The geographic clustering of the Orthodox clearly played a role in the decisions of Jewish members of Congress on the Iran deal. Fully 79 percent of the Orthodox, and 89 percent of the Haredi (some of whom bloc-vote based on the guidance of their rebbes) live in the Northeast, chiefly around New York and New Jersey. The other 90 percent of Jews are diffused far more evenly across the nation. Four of the five Jewish House members from the New York area oppose the deal, while just one of the four Jewish House members from Southern California — home to the second-largest concentration of U.S. Jews, but with far fewer Orthodox — oppose it. Three of the four Democratic senators who oppose the deal — two of them Jewish — come from the Northeast.
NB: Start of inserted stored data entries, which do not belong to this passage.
lemma hCm_eq_comult_lam:
  assumes phi: "osk_map phi J"
  shows "hCm H phi J =
    c_cmp V (c_tensm V (map (\<lambda>j. hcoalg_comult H (count_list phi j)) [1..<Suc J]))
            (c_lam V J phi (replicate (length phi) (hC H 1)))"
proof -
  define Ns where "Ns = map (count_list phi) [1..<Suc J]"
  define phis where "phis = map (\<lambda>n. replicate n (1::nat)) Ns"
  define Ms where "Ms = replicate J (1::nat)"
  have natural: "c_cmp V (c_tensm V (map2 (hCm H) phis Ms)) (hchi H Ns)
      = c_cmp V (hchi H Ms) (hCm H (osk_dunion Ms phis) (sum_list Ms))"
    by (rule homotopy_coalgebra_hchi_natural[OF H])
      (auto simp: Ns_def phis_def Ms_def osk_map_def simp del: upt_Suc)
  have hchi_Ms: "hchi H Ms = c_idt V (hC H J)"
    using colax_monoidal_lam_id[OF V, of "replicate J (hC H 1)"]
    unfolding hchi_lam Ms_def block_map_replicate_one by (simp add: sum_list_replicate hC_power[of J])
  have dunion: "osk_dunion Ms phis = phi"
    unfolding Ms_def phis_def Ns_def map_map comp_def by (rule osk_dunion_terminal_fibres[OF phi])
  have sum_Ms: "sum_list Ms = J"
    by (simp add: Ms_def sum_list_replicate)
  have comults: "map2 (hCm H) phis Ms = map (\<lambda>j. hcoalg_comult H (count_list phi j)) [1..<Suc J]"
    by (simp add: Ns_def phis_def Ms_def hcoalg_comult_def zip_replicate2 del: upt_Suc)
  have hchi_Ns: "hchi H Ns = c_lam V J phi (replicate (length phi) (hC H 1))"
    unfolding hchi_lam Ns_def block_map_fibre_sizes[OF phi] osk_map_sum_fibre_sizes[OF phi]
    by (simp del: upt_Suc)
  have "hCm H phi J = c_cmp V (hchi H Ms) (hCm H (osk_dunion Ms phis) (sum_list Ms))"
    unfolding hchi_Ms dunion sum_Ms
    using category_id_comp[OF colax_monoidal_category[OF V]] homotopy_coalgebra_hCm[OF H phi]
    by metis
  also have "\<dots> = c_cmp V (c_tensm V (map2 (hCm H) phis Ms)) (hchi H Ns)"
    by (rule natural[symmetric])
  finally show ?thesis
    unfolding comults hchi_Ns .
qed
lemma radial_second_derivative:
  fixes g :: "'a::euclidean_space \<Rightarrow> 'a"
  assumes "\<forall>x. (g has_derivative H x) (at x)"
  shows "((\<lambda>s. g (s *\<^sub>R e) \<bullet> e) has_real_derivative H (s *\<^sub>R e) e \<bullet> e) (at s)"
proof -
  have "((\<lambda>x. g x \<bullet> e) has_derivative (\<lambda>h. H (s *\<^sub>R e) h \<bullet> e)) (at (s *\<^sub>R e))"
    using assms by (auto intro!: derivative_eq_intros)
  thus ?thesis by (rule has_real_derivative_along_line)
qed

lemma radially_symmetric_along_line:
  assumes "radially_symmetric f" and "norm e = 1"
  shows "f x = f (norm x *\<^sub>R e)"
proof -
  have "norm (norm x *\<^sub>R e) = norm x" using assms(2) by simp
  thus ?thesis using assms(1) unfolding radially_symmetric_def by metis
qed

lemma radial_gradient:
  fixes f :: "'a::euclidean_space \<Rightarrow> real"
  assumes d: "\<forall>x. (f has_derivative (\<lambda>h. g x \<bullet> h)) (at x)"
    and rad: "radially_symmetric f" and e: "norm e = 1" and x: "x \<noteq> 0"
  shows "g x = (g (norm x *\<^sub>R e) \<bullet> e / norm x) *\<^sub>R x"
proof -
  define F where "F s = f (s *\<^sub>R e)" for s
  have "(F has_real_derivative g (norm x *\<^sub>R e) \<bullet> e) (at (norm x))"
    unfolding F_def by (rule radial_first_derivative[OF d])
  from has_derivative_compose[OF has_derivative_norm[OF x] this[unfolded has_field_derivative_def]]
  have "(f has_derivative (\<lambda>h. (g (norm x *\<^sub>R e) \<bullet> e) * (h \<bullet> sgn x))) (at x)"
    using radially_symmetric_along_line[OF rad e] by (simp add: o_def F_def mult.commute)
  from has_derivative_unique[OF d[rule_format] this]
  have gx: "g x \<bullet> h = (g (norm x *\<^sub>R e) \<bullet> e) * (h \<bullet> sgn x)" for h by meson
  show ?thesis
  proof (rule euclidean_eqI)
    fix b :: 'a
    show "g x \<bullet> b = (g (norm x *\<^sub>R e) \<bullet> e / norm x) *\<^sub>R x \<bullet> b"
      using gx[of b] by (simp add: sgn_div_norm inner_commute divide_inverse)
  qed
qed
definition no_spread_prob :: "'a set \<Rightarrow> ('a \<Rightarrow> 'a \<Rightarrow> bool) \<Rightarrow> real \<Rightarrow> nat \<Rightarrow> real" where
  "no_spread_prob V E \<phi> k =
     real (card {S. S \<subseteq> V \<and> card S = k \<and> infected V E \<phi> S = S})
     / real (card {S. S \<subseteq> V \<and> card S = k})"

end

theory Submission
  imports Defs
begin

text \<open>If S is not already closed, some vertex v has at least \<phi> deg(v) > l neighbours in S,
  so S contains an (l+1)-subset of N(v); a fixed (l+1)-set lies in a uniform k-set with
  probability at most (k/n)^(l+1). Degrees are unbounded, so instead of a union bound over the
  (l+1)-subsets of N(v) we double count: a set meeting N(v) in at least \<phi> deg(v) points contains
  at least a (\<phi>/(l+1))^(l+1) fraction of them. Hence each vertex fails with probability
  O((k/n)^(l+1)), and summing over the n vertices gives O(k^(l+1)/n^l) = o(1).\<close>

lemma binomial_diff_mult_power_le:
  "j \<le> k \<Longrightarrow> k \<le> n \<Longrightarrow> ((n - j) choose (k - j)) * n ^ j \<le> k ^ j * (n choose k)"
proof (induction j arbitrary: n k)
  case 0
  then show ?case by simp
next
  case (Suc j)
  then obtain n' k' where nk: "n = Suc n'" "k = Suc k'" by (metis Suc_le_D le_trans)
  have jk: "j \<le> k'" "k' \<le> n'" using Suc.prems nk by auto
  define X where "X = (n' - j) choose (k' - j)"
  have IH: "X * n' ^ j \<le> k' ^ j * (n' choose k')" using Suc.IH[OF jk] X_def by simp
  have absorb: "n * (n' choose k') = (n choose k) * k" using Suc_times_binomial_eq nk by simp
  have key: "X * n ^ j \<le> k ^ j * (n' choose k')"
  proof (cases "n' = 0")
    case True
    then show ?thesis using jk X_def nk by simp
  next
    case False
    have "(n * k') ^ j \<le> (k * n') ^ j" using jk nk by (intro power_mono) (simp_all add: algebra_simps)
    have "X * n ^ j * n' ^ j = (X * n' ^ j) * n ^ j" by simp
    also have "\<dots> \<le> k' ^ j * (n' choose k') * n ^ j" using IH by simp
    also have "\<dots> = (n * k') ^ j * (n' choose k')" by (simp add: power_mult_distrib)
    also have "\<dots> \<le> (k * n') ^ j * (n' choose k')" using \<open>(n * k') ^ j \<le> (k * n') ^ j\<close> by simp
    also have "\<dots> = k ^ j * (n' choose k') * n' ^ j" by (simp add: power_mult_distrib)
    finally show ?thesis using False by simp
  qed
  have "((n - Suc j) choose (k - Suc j)) * n ^ Suc j = X * n ^ j * n"
    using nk X_def by (simp only: diff_Suc_Suc power_Suc mult_ac)
  also have "\<dots> \<le> k ^ j * (n' choose k') * n" using key by simp
  also have "\<dots> = k ^ Suc j * (n choose k)" using absorb by (simp add: mult_ac)
  finally show ?case .
qed

lemma card_supersets_eq:
  assumes "finite V" "T \<subseteq> V" "card T \<le> k"
  shows "card {S. S \<subseteq> V \<and> card S = k \<and> T \<subseteq> S} = (card V - card T) choose (k - card T)"
proof -
  have fT: "finite T" using assms finite_subset by blast
  have "bij_betw (\<lambda>S. S - T) {S. S \<subseteq> V \<and> card S = k \<and> T \<subseteq> S} {U. U \<subseteq> V - T \<and> card U = k - card T}"
  proof (rule bij_betw_byWitness[where f'="\<lambda>U. U \<union> T"])
    show "(\<lambda>S. S - T) ` {S. S \<subseteq> V \<and> card S = k \<and> T \<subseteq> S} \<subseteq> {U. U \<subseteq> V - T \<and> card U = k - card T}"
      using fT by (auto simp: card_Diff_subset)
    show "(\<lambda>U. U \<union> T) ` {U. U \<subseteq> V - T \<and> card U = k - card T} \<subseteq> {S. S \<subseteq> V \<and> card S = k \<and> T \<subseteq> S}"
    proof clarify
      fix U assume U: "U \<subseteq> V - T" "card U = k - card T"
      have "finite U" using U assms finite_subset by blast
      then have "card (U \<union> T) = card U + card T" using U fT by (intro card_Un_disjoint) auto
      then show "U \<union> T \<subseteq> V \<and> card (U \<union> T) = k \<and> T \<subseteq> U \<union> T" using U assms by auto
    qed
  qed blast+
  then have "card {S. S \<subseteq> V \<and> card S = k \<and> T \<subseteq> S} = card {U. U \<subseteq> V - T \<and> card U = k - card T}"
    by (rule bij_betw_same_card)
  also have "\<dots> = card (V - T) choose (k - card T)" using assms by (intro n_subsets) auto
  finally show ?thesis using assms fT by (simp add: card_Diff_subset)
qed

lemma card_supersets_le:
  assumes "finite V" "T \<subseteq> V" "k \<le> card V"
  shows "real (card {S. S \<subseteq> V \<and> card S = k \<and> T \<subseteq> S})
    \<le> (real k / real (card V)) ^ card T * real (card V choose k)"
proof (cases "card T \<le> k")
  case False
  have "card T \<le> card S" if "S \<subseteq> V" "T \<subseteq> S" for S
    using that assms(1) by (meson card_mono finite_subset)
  then have none: "{S. S \<subseteq> V \<and> card S = k \<and> T \<subseteq> S} = {}" using False by force
  show ?thesis unfolding none by simp
next
  case True
  let ?n = "card V" and ?j = "card T"
  have "real ((?n - ?j) choose (k - ?j)) \<le> (real k / real ?n) ^ ?j * real (?n choose k)"
  proof (cases "?n = 0")
    case True
    then show ?thesis using \<open>?j \<le> k\<close> assms(3) by simp
  next
    case False
    have "real ((?n - ?j) choose (k - ?j)) * real ?n ^ ?j \<le> real k ^ ?j * real (?n choose k)"
      using binomial_diff_mult_power_le[OF True assms(3)] by (metis of_nat_le_iff of_nat_mult of_nat_power)
    then show ?thesis using False by (simp add: power_divide pos_le_divide_eq)
  qed
  then show ?thesis using card_supersets_eq[OF assms(1,2) True] by simp
qed

lemma sum_card_filter_swap:
  assumes "finite A" "finite B"
  shows "(\<Sum>a\<in>A. card {b\<in>B. R a b}) = (\<Sum>b\<in>B. card {a\<in>A. R a b})"
proof -
  have "(\<Sum>a\<in>A. card {b\<in>B. R a b}) = (\<Sum>a\<in>A. \<Sum>b\<in>B. if R a b then 1 else 0)"
    using assms(2) by (simp add: sum.inter_filter[symmetric])
  also have "\<dots> = (\<Sum>b\<in>B. \<Sum>a\<in>A. if R a b then 1 else 0)" by (rule sum.swap)
  also have "\<dots> = (\<Sum>b\<in>B. card {a\<in>A. R a b})"
    using assms(1) by (simp add: sum.inter_filter[symmetric])
  finally show ?thesis .
qed

lemma sum_binomial_card_inter_le:
  assumes "finite V" "N \<subseteq> V" "k \<le> card V"
  shows "real (\<Sum>S\<in>{S. S \<subseteq> V \<and> card S = k}. card (N \<inter> S) choose j)
    \<le> real (card N choose j) * ((real k / real (card V)) ^ j * real (card V choose k))"
proof -
  define A where "A = {S. S \<subseteq> V \<and> card S = k}"
  define TS where "TS = {T. T \<subseteq> N \<and> card T = j}"
  have fN: "finite N" using assms finite_subset by blast
  have fA: "finite A" unfolding A_def using assms(1) by simp
  have fTS: "finite TS" unfolding TS_def using fN by simp
  have "(\<Sum>S\<in>A. card (N \<inter> S) choose j) = (\<Sum>S\<in>A. card {T\<in>TS. T \<subseteq> S})"
  proof (rule sum.cong)
    fix S
    have "{T\<in>TS. T \<subseteq> S} = {T. T \<subseteq> N \<inter> S \<and> card T = j}" unfolding TS_def by blast
    moreover have "finite (N \<inter> S)" using fN by simp
    ultimately show "card (N \<inter> S) choose j = card {T\<in>TS. T \<subseteq> S}"
      using n_subsets[of "N \<inter> S" j] by simp
  qed simp
  also have "\<dots> = (\<Sum>T\<in>TS. card {S\<in>A. T \<subseteq> S})" using fA fTS by (rule sum_card_filter_swap)
  finally have "real (\<Sum>S\<in>A. card (N \<inter> S) choose j) = (\<Sum>T\<in>TS. real (card {S\<in>A. T \<subseteq> S}))"
    by simp
  also have "\<dots> \<le> (\<Sum>T\<in>TS. (real k / real (card V)) ^ j * real (card V choose k))"
  proof (rule sum_mono)
    fix T assume "T \<in> TS"
    then have "T \<subseteq> V" "card T = j" using assms(2) unfolding TS_def by auto
    moreover have "{S\<in>A. T \<subseteq> S} = {S. S \<subseteq> V \<and> card S = k \<and> T \<subseteq> S}" unfolding A_def by blast
    ultimately show "real (card {S\<in>A. T \<subseteq> S}) \<le> (real k / real (card V)) ^ j * real (card V choose k)"
      using card_supersets_le[OF assms(1) \<open>T \<subseteq> V\<close> assms(3)] by simp
  qed
  also have "\<dots> = real (card N choose j) * ((real k / real (card V)) ^ j * real (card V choose k))"
    unfolding TS_def using fN by (simp add: n_subsets)
  finally show ?thesis unfolding A_def .
qed
(* Let $A\in\mathbb{R}^{n\times n}$, $B\in\mathbb{R}^{n\times m}$ with $m\ge1$ and $(A,B)$ uncontrollable, and let $r_c=r_c(A,B)$ be its zero-norm distance to controllability. Then (1) $r_c\le n-\operatorname{rank}B$ if $\operatorname{rank}B\ge 1$, and $r_c\le n$ if $\operatorname{rank}B=0$; (2) $r_c\ge \min\{|J|: J\subseteq\{1,\dots,n\},\ (A,[B,\ I_n(:,J)])\text{ is controllable}\}$.
   Context: $r_c(A,B)=\min\{\|[\Delta A,\Delta B]\|_0: \Delta A\in\mathbb{R}^{n\times n},\Delta B\in\mathbb{R}^{n\times m},(A+\Delta A,B+\Delta B)\text{ controllable}\}$, where $\|M\|_0$ is the number of nonzero entries of $M$. $I_n(:,J)$ is the submatrix of the $n\times n$ identity matrix consisting of the columns indexed by $J$. Controllability of $(A,B)$ means $\operatorname{rank}[B,AB,\dots,A^{n-1}B]=n$. *)

theory Defs
  imports "Jordan_Normal_Form.DL_Rank"
begin

text \<open>Matrices are Jordan_Normal_Form matrices of type real mat with explicit dimensions.
Indices are 0-based: the index set {1,...,n} of the paper is rendered as {0..<n}.\<close>

definition mrank :: "nat \<Rightarrow> real mat \<Rightarrow> nat" where
  "mrank n M = vec_space.rank n M"

definition hcat :: "real mat \<Rightarrow> real mat \<Rightarrow> real mat" where
  "hcat M N = mat_of_cols (dim_row M) (cols M @ cols N)"

definition ctrb_mat :: "real mat \<Rightarrow> real mat \<Rightarrow> real mat" where
  "ctrb_mat A B = mat_of_cols (dim_row A) (concat (map (\<lambda>k. cols ((A ^\<^sub>m k) * B)) [0..<dim_row A]))"

definition controllable :: "real mat \<Rightarrow> real mat \<Rightarrow> bool" where
  "controllable A B \<longleftrightarrow> mrank (dim_row A) (ctrb_mat A B) = dim_row A"

definition nnz :: "real mat \<Rightarrow> nat" where
  "nnz M = card {(i, j). i < dim_row M \<and> j < dim_col M \<and> M $$ (i, j) \<noteq> 0}"

definition rc :: "real mat \<Rightarrow> real mat \<Rightarrow> nat" where
  "rc A B = Inf {nnz (hcat dA dB) | dA dB.
      dA \<in> carrier_mat (dim_row A) (dim_row A) \<and> dB \<in> carrier_mat (dim_row A) (dim_col B) \<and>
      controllable (A + dA) (B + dB)}"

definition id_cols :: "nat \<Rightarrow> nat set \<Rightarrow> real mat" where
  "id_cols n J = mat_of_cols n (map (unit_vec n) (sorted_list_of_set J))"

end

theory Submission
  imports Defs "HOL-Computational_Algebra.Polynomial"
begin

text \<open>
  Lower bound: if (A + dA, B + dB) is controllable and J is the set of rows in which [dA, dB]
  has a nonzero entry, then dA and dB only produce vectors supported on J. So the Krylov space
  of (A + dA, B + dB) lies in the Krylov space of (A, [B, I(:,J)]), which is therefore
  controllable, while |J| is at most the number of nonzero entries of [dA, dB].

  Upper bound: complete a basis U of the column space of B, chosen among its columns, by unit
  vectors e_q, q \<in> Q, so that |Q| = n - rank B, and pick a column b with b_p \<noteq> 0 for some
  p \<notin> Q. For the nilpotent shift N along the chain p, q_1, ..., q_k the vectors N^s b,
  1 \<le> s \<le> k, are triangular with respect to e_q_1, ..., e_q_k, so together with U they form a
  basis. The determinant of U together with the vectors (eA + N)^s b is a polynomial in e that
  does not vanish at 0, hence it does not vanish at some e \<noteq> 0; as
  (eA + N)^s b = e^s (A + N/e)^s b, the perturbation dA = N/e, which has n - rank B nonzero
  entries, makes (A + dA, B) controllable. If rank B = 0, a single entry of B is changed first.
\<close>

lemma pow_mat_Suc_left:
  assumes "A \<in> carrier_mat n n"
  shows "A ^\<^sub>m Suc k = A * A ^\<^sub>m k"
proof (induction k)
  case (Suc k)
  have "A ^\<^sub>m Suc (Suc k) = (A * A ^\<^sub>m k) * A" using Suc by simp
  also have "\<dots> = A * (A ^\<^sub>m k * A)" using assms by (intro assoc_mult_mat) auto
  finally show ?case by simp
qed (use assms in simp)

lemma pow_mat_Suc_mult_vec:
  assumes "A \<in> carrier_mat n n" "x \<in> carrier_vec n"
  shows "(A ^\<^sub>m Suc k) *\<^sub>v x = A *\<^sub>v ((A ^\<^sub>m k) *\<^sub>v x)"
  unfolding pow_mat_Suc_left[OF assms(1)] using assms by (intro assoc_mult_mat_vec) auto

lemma smult_mat_mult_vec:
  assumes "A \<in> carrier_mat n nc" "v \<in> carrier_vec nc"
  shows "(c \<cdot>\<^sub>m A) *\<^sub>v v = c \<cdot>\<^sub>v (A *\<^sub>v v)"
  using assms by (intro eq_vecI) (auto simp: scalar_prod_def sum_distrib_left mult.assoc)

lemma smult_mat_pow_mult_vec:
  fixes A :: "'a::comm_ring_1 mat"
  assumes A: "A \<in> carrier_mat n n" and v: "v \<in> carrier_vec n"
  shows "((c \<cdot>\<^sub>m A) ^\<^sub>m s) *\<^sub>v v = c ^ s \<cdot>\<^sub>v ((A ^\<^sub>m s) *\<^sub>v v)"
proof -
  have "(c \<cdot>\<^sub>m A) ^\<^sub>m s = c ^ s \<cdot>\<^sub>m A ^\<^sub>m s"
  proof (induction s)
    case (Suc s)
    have "(c \<cdot>\<^sub>m A) ^\<^sub>m Suc s = (c ^ s \<cdot>\<^sub>m A ^\<^sub>m s) * (c \<cdot>\<^sub>m A)" using Suc by simp
    also have "\<dots> = c \<cdot>\<^sub>m (c ^ s \<cdot>\<^sub>m (A ^\<^sub>m s * A))"
      using A by (simp add: mult_smult_assoc_mat[of _ n n] mult_smult_distrib[of _ n n])
    also have "\<dots> = c ^ Suc s \<cdot>\<^sub>m A ^\<^sub>m Suc s" by (rule eq_matI) (auto simp: ac_simps)
    finally show ?case .
  qed (use A in \<open>auto intro!: eq_matI\<close>)
  thus ?thesis using A v smult_mat_mult_vec[of "A ^\<^sub>m s" n n v] by simp
qed

lemma index_mult_mat_vec_eq_sum:
  assumes "A \<in> carrier_mat nr nc" "v \<in> carrier_vec nc" "i < nr"
  shows "(A *\<^sub>v v) $ i = (\<Sum>j = 0..<nc. A $$ (i, j) * v $ j)"
proof -
  have "(A *\<^sub>v v) $ i = row A i \<bullet> v" using assms by simp
  also have "\<dots> = (\<Sum>j = 0..<nc. A $$ (i, j) * v $ j)"
    unfolding scalar_prod_def using assms by (intro sum.cong) auto
  finally show ?thesis .
qed

lemma index_mult_mat_vec_eq_0:
  assumes "D \<in> carrier_mat n nc" "y \<in> carrier_vec nc" "i < n" "\<And>j. j < nc \<Longrightarrow> D $$ (i, j) = 0"
  shows "(D *\<^sub>v y) $ i = 0"
  using assms by (auto simp: scalar_prod_def intro!: sum.neutral)

lemma hcat_carrier:
  "X \<in> carrier_mat n a \<Longrightarrow> Y \<in> carrier_mat n b \<Longrightarrow> hcat X Y \<in> carrier_mat n (a + b)"
  unfolding hcat_def carrier_mat_def by simp

lemma index_hcat:
  assumes "X \<in> carrier_mat n a" "Y \<in> carrier_mat n b" "i < n" "j < a + b"
  shows "hcat X Y $$ (i, j) = (if j < a then X $$ (i, j) else Y $$ (i, j - a))"
  using assms unfolding hcat_def by (auto simp: mat_of_cols_index nth_append)

lemma id_cols_carrier: "finite J \<Longrightarrow> id_cols n J \<in> carrier_mat n (card J)"
  unfolding id_cols_def using mat_of_cols_carrier(1)[of n "map (unit_vec n) (sorted_list_of_set J)"]
  by simp

lemma set_cols_hcat_id_cols:
  assumes B: "B \<in> carrier_mat n m" and J: "finite J"
  shows "set (cols (hcat B (id_cols n J))) = set (cols B) \<union> unit_vec n ` J"
proof -
  have ids: "cols (id_cols n J) = map (unit_vec n) (sorted_list_of_set J)"
    unfolding id_cols_def by (rule cols_mat_of_cols) auto
  have "set (cols B @ cols (id_cols n J)) \<subseteq> carrier_vec n"
    using B cols_dim[of B] ids by auto
  hence "cols (hcat B (id_cols n J)) = cols B @ cols (id_cols n J)"
    unfolding hcat_def using B by simp
  thus ?thesis using ids J by simp
qed

section \<open>Krylov sets and spans\<close>

definition krylov :: "'a::semiring_1 mat \<Rightarrow> 'a vec set \<Rightarrow> nat \<Rightarrow> 'a vec set" where
  "krylov A G k = {(A ^\<^sub>m s) *\<^sub>v g | s g. s < k \<and> g \<in> G}"

lemma krylov_carrier:
  "A \<in> carrier_mat n n \<Longrightarrow> G \<subseteq> carrier_vec n \<Longrightarrow> krylov A G k \<subseteq> carrier_vec n"
  unfolding krylov_def by (blast intro: mult_mat_vec_carrier pow_carrier_mat)

lemma krylov_mono: "k \<le> l \<Longrightarrow> krylov A G k \<subseteq> krylov A G l"
  unfolding krylov_def by force

lemma subset_krylov:
  assumes "A \<in> carrier_mat n n" "G \<subseteq> carrier_vec n" "0 < k"
  shows "G \<subseteq> krylov A G k"
proof
  fix g assume "g \<in> G"
  moreover have "g = (A ^\<^sub>m 0) *\<^sub>v g" using assms \<open>g \<in> G\<close> by auto
  ultimately show "g \<in> krylov A G k" unfolding krylov_def using assms(3) by blast
qed

lemma mult_mat_vec_krylov:
  assumes A: "A \<in> carrier_mat n n" and G: "G \<subseteq> carrier_vec n" and x: "x \<in> krylov A G k"
  shows "A *\<^sub>v x \<in> krylov A G (Suc k)"
proof -
  obtain s g where sg: "s < k" "g \<in> G" and x: "x = (A ^\<^sub>m s) *\<^sub>v g"
    using x unfolding krylov_def by blast
  have "A *\<^sub>v x = (A ^\<^sub>m Suc s) *\<^sub>v g"
    unfolding x pow_mat_Suc_mult_vec[OF A subsetD[OF G sg(2)]] by (rule refl)
  thus ?thesis unfolding krylov_def using sg by blast
qed

context vec_space
begin

lemma span_diff:
  assumes "X \<subseteq> carrier_vec n" "x \<in> span X" "y \<in> span X"
  shows "x - y \<in> span X"
proof -
  have "x - y = x + (-1) \<cdot>\<^sub>v y"
    using assms span_closed by auto
  thus ?thesis
    using assms by (simp add: span_add1 smult_in_span)
qed

lemma span_eq_carrier_vecI:
  assumes "Y \<subseteq> carrier_vec n" "X \<subseteq> span Y" "span X = carrier_vec n"
  shows "span Y = carrier_vec n"
  using span_subsetI[OF assms(1,2)] assms(3) span_is_subset2[OF assms(1)] by auto

lemma mult_mat_vec_in_span:
  assumes A: "A \<in> carrier_mat n n" and X: "X \<subseteq> carrier_vec n" and Y: "Y \<subseteq> carrier_vec n"
    and gens: "\<And>x. x \<in> X \<Longrightarrow> A *\<^sub>v x \<in> span Y" and x: "x \<in> span X"
  shows "A *\<^sub>v x \<in> span Y"
proof -
  let ?H = "{x \<in> carrier_vec n. A *\<^sub>v x \<in> span Y}"
  have "submodule class_ring ?H V"
  proof (rule submodule.intro)
    show "Module.module class_ring V" by (rule vec_module)
    show "\<And>v w. v \<in> ?H \<Longrightarrow> w \<in> ?H \<Longrightarrow> v \<oplus>\<^bsub>V\<^esub> w \<in> ?H"
      using A Y by (auto simp: mult_add_distrib_mat_vec span_add1)
    have "0\<^sub>v n \<in> span Y" by (rule in_spanI[of _ "\<lambda>_. 0" "{}"]) (auto simp: lincomb_def)
    moreover have "A *\<^sub>v 0\<^sub>v n = 0\<^sub>v n" using A by (intro eq_vecI) auto
    ultimately show "\<zero>\<^bsub>V\<^esub> \<in> ?H" by simp
    show "\<And>c v. c \<in> carrier class_ring \<Longrightarrow> v \<in> ?H \<Longrightarrow> c \<odot>\<^bsub>V\<^esub> v \<in> ?H"
      using A Y by (auto simp: mult_mat_vec smult_in_span)
  qed auto
  moreover have "X \<subseteq> ?H" using X gens by auto
  ultimately show ?thesis
    using span_is_subset x by blast
qed

lemma perturbed_power_in_span_krylov:
  assumes A: "A \<in> carrier_mat n n" and dA: "dA \<in> carrier_mat n n" and G: "G \<subseteq> carrier_vec n"
    and dA_range: "\<And>y. y \<in> carrier_vec n \<Longrightarrow> dA *\<^sub>v y \<in> span G" and x: "x \<in> span G"
  shows "((A + dA) ^\<^sub>m k) *\<^sub>v x \<in> span (krylov A G (Suc k))"
proof -
  have AdA: "A + dA \<in> carrier_mat n n" using A dA by simp
  have K: "krylov A G k \<subseteq> carrier_vec n" for k by (rule krylov_carrier[OF A G])
  have G_span: "span G \<subseteq> span (krylov A G (Suc k))" for k
    using subset_krylov[OF A G] by (intro span_is_monotone) simp
  have xc: "x \<in> carrier_vec n" using x G span_closed by blast
  show ?thesis
  proof (induction k)
    case 0
    thus ?case using x G_span[of 0] A dA xc by auto
  next
    case (Suc k)
    have "(A + dA) *\<^sub>v y \<in> span (krylov A G (Suc (Suc k)))" if y: "y \<in> krylov A G (Suc k)" for y
    proof -
      have yc: "y \<in> carrier_vec n" using K y by blast
      have "A *\<^sub>v y \<in> span (krylov A G (Suc (Suc k)))"
        using mult_mat_vec_krylov[OF A G y] in_own_span[OF K] by blast
      moreover have "dA *\<^sub>v y \<in> span (krylov A G (Suc (Suc k)))" using dA_range[OF yc] G_span by blast
      ultimately show ?thesis using A dA yc K by (simp add: add_mult_distrib_mat_vec span_add1)
    qed
    hence "(A + dA) *\<^sub>v (((A + dA) ^\<^sub>m k) *\<^sub>v x) \<in> span (krylov A G (Suc (Suc k)))"
      by (rule mult_mat_vec_in_span[OF AdA K K _ Suc.IH])
    thus ?case using pow_mat_Suc_mult_vec[OF AdA xc] by simp
  qed
qed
One of the most striking, but not surprising, results of the Pew Research Center survey is the disenchantment that many, perhaps most, American Jews feel toward Israel. No nation can control another people and occupy its land for 48 years, as the Israelis have the Palestinians, without brutalizing and coarsening themselves, eroding many of the high moral hopes that American Jews once invested in Israel. Some older Jews are still attached to the Israel of 1948, to the scrappy but long-vanished Israel of kibbutz egalitarianism — one reason, perhaps, that three Jewish members from Florida, home to so many Jewish retirees, oppose the Iran deal. Under Prime Minister Benjamin Netanyahu, however, Israel’s values have become less universal and more dangerously tribal — appealing to the more tribal and self-segregating sensibilities of America’s Orthodox, and less and less to the more liberal and cosmopolitan sensibilities of the American Jewish majority. Most American Jews still feel what Catholics term a preferential option for the poor, for immigrants, for minorities. They don’t see such values in today’s Israel — or in American Jewish orthodoxy, either.

With disproportionate financial support from Orthodox and politically conservative Jews, much of the American Jewish establishment has aligned itself with Netanyahu against not just the Iran deal but also President Obama and American liberalism, too. In the process, it has also aligned itself against a clear majority of American Jews.